The ET expressly found that it was reasonable for MBNA to conclude that Mr Jones was not provoked “beyond reasonable measure”, that the conduct was gross misconduct and that (subject to what followed) it was reasonable to dismiss him in the circumstances.
However, the ET ultimately held that the decision to dismiss Mr Jones was unreasonable and that the defence of provocation had been applied differently to Mr Jones and Mr Battersby. This particular disparity was also held to be unreasonable. The ET judge concluded that “the respective decision to dismiss [Mr Jones] and give Mr Battersby a final written warning was as a result of the different provocation test applied to both, and this amounted to an unreasonable disparity of treatment between the two of them during the respective disciplinary hearings. This rendered [Mr Jones’] dismissal unfair.”

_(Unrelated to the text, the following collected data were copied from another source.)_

(* For any metric space $(X,d)$, any $x_0\in X$ and $n\geq 1$, the function $\rho:\pi_n(X,x_0)\times\pi_n(X,x_0)\to[0,\infty)$ is a pseudometric on $\pi_n(X,x_0)$.
   Context: $\Omega^n(X,x_0)$ is the set of continuous maps $\alpha:[0,1]^n\to X$ with $\alpha(\partial[0,1]^n)=\{x_0\}$, with uniform metric $\mu(\alpha,\beta)=\sup_{t\in[0,1]^n}d(\alpha(t),\beta(t))$. For $a,b\in\pi_n(X,x_0)$, $\rho(a,b)=\inf\{\mu(\alpha,\beta)\mid\alpha\in a,\beta\in b\}$. *)

theory Defs
  imports "HOL-Analysis.Analysis"
begin

text \<open>The unit cube [0,1]^n, realised inside nat => real (product topology),
  with coordinates i >= n fixed to 0.\<close>
definition unit_cube :: "nat \<Rightarrow> (nat \<Rightarrow> real) set" where
  "unit_cube n = {t. (\<forall>i<n. 0 \<le> t i \<and> t i \<le> 1) \<and> (\<forall>i\<ge>n. t i = 0)}"

definition cube_boundary :: "nat \<Rightarrow> (nat \<Rightarrow> real) set" where
  "cube_boundary n = {t \<in> unit_cube n. \<exists>i<n. t i = 0 \<or> t i = 1}"

definition cube_top :: "nat \<Rightarrow> (nat \<Rightarrow> real) topology" where
  "cube_top n = subtopology euclidean (unit_cube n)"

definition Omega :: "nat \<Rightarrow> 'a set \<Rightarrow> ('a \<Rightarrow> 'a \<Rightarrow> real) \<Rightarrow> 'a \<Rightarrow> ((nat \<Rightarrow> real) \<Rightarrow> 'a) set" where
  "Omega n M d x0 = {\<alpha>. continuous_map (cube_top n) (Metric_space.mtopology M d) \<alpha>
                        \<and> (\<forall>t\<in>cube_boundary n. \<alpha> t = x0)}"

definition rel_homotopic :: "nat \<Rightarrow> 'a set \<Rightarrow> ('a \<Rightarrow> 'a \<Rightarrow> real) \<Rightarrow> 'a \<Rightarrow> ((nat \<Rightarrow> real) \<Rightarrow> 'a) rel" where
  "rel_homotopic n M d x0 = {(\<alpha>, \<beta>). \<alpha> \<in> Omega n M d x0 \<and> \<beta> \<in> Omega n M d x0 \<and>
      homotopic_with (\<lambda>h. \<forall>t\<in>cube_boundary n. h t = x0) (cube_top n) (Metric_space.mtopology M d) \<alpha> \<beta>}"

definition homotopy_group_set :: "nat \<Rightarrow> 'a set \<Rightarrow> ('a \<Rightarrow> 'a \<Rightarrow> real) \<Rightarrow> 'a \<Rightarrow> ((nat \<Rightarrow> real) \<Rightarrow> 'a) set set" where
  "homotopy_group_set n M d x0 = Omega n M d x0 // rel_homotopic n M d x0"

definition unif_dist :: "nat \<Rightarrow> ('a \<Rightarrow> 'a \<Rightarrow> real) \<Rightarrow> ((nat \<Rightarrow> real) \<Rightarrow> 'a) \<Rightarrow> ((nat \<Rightarrow> real) \<Rightarrow> 'a) \<Rightarrow> real" where
  "unif_dist n d \<alpha> \<beta> = (SUP t\<in>unit_cube n. d (\<alpha> t) (\<beta> t))"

MBNA appealed to the EAT arguing that the conduct of Mr Jones and Mr Battersby was not the same. Mr Jones punched Mr Battersby in the face during a work event. After the event, Mr Battersby texted threats to Mr Jones that he did not actually carry out.
The EAT confirmed that when considering arguments of disparity of treatment between employees, the key question for the ET is whether the employer reached reasonable conclusions and imposed a reasonable sanction in the case that is being considered by the ET. If it was reasonable for the employer to dismiss the employee, the mere fact that the employer was unduly lenient to another employee is irrelevant.
The EAT confirmed that there may be cases where disparity of treatment has to be considered, but an ET must tread carefully and have regard to the guidance given in Hadjioannou. Disparity of treatment may be relevant where decisions made in “truly parallel circumstances” support an argument that it was not reasonable to impose a penalty of dismissal and that some lesser penalty would have been appropriate. However there will only be a limited number of cases where the circumstances can be said to be “truly parallel” such that disparity of treatment will result in an unfair dismissal.
The EAT considered that this had not been properly addressed by the ET. Had it been addressed, the judge would have been bound to conclude that the circumstances of Mr Jones and Mr Battersby were not the same. Mr Jones punched Mr Battersby during a work event; an event at which he was clearly told MBNA’s disciplinary rules would apply. Mr Battersby did not; while his conduct was plainly reprehensible, he did not carry out his threat in the workplace or anywhere else.
The question for the judge was not whether MBNA was unreasonably lenient in Mr Battersby’s case but whether it reached reasonable conclusions and applied a reasonable sanction in Mr Jones’ case. The ET had expressly found this to be the case. It followed that the ET's decision could not stand and the EAT substituted a finding that the dismissal was fair.
The EAT’s decision is a useful one for employers and reminds ETs of the key consideration in cases of this kind – whether the employer acted reasonably or unreasonably in dismissing the employee for misconduct.
Even though the two disciplinary sanctions in this case arose from the same incident, the circumstances could not be said to be “truly parallel”. While it is still critical for employers to act consistently when considering disciplinary matters, the case does provide a useful reminder that two cases will rarely be exactly the same and it may well be reasonable to impose different sanctions in different (but similar) cases.
The EAT also confirmed that while provocation may be a mitigating factor to be taken into account by an employer, it does not follow that provocation provides a “defence” to any kind of misconduct. Provided that an employer has considered any mitigating factors (including any provocation) it may well be reasonable to dismiss an employee in any event.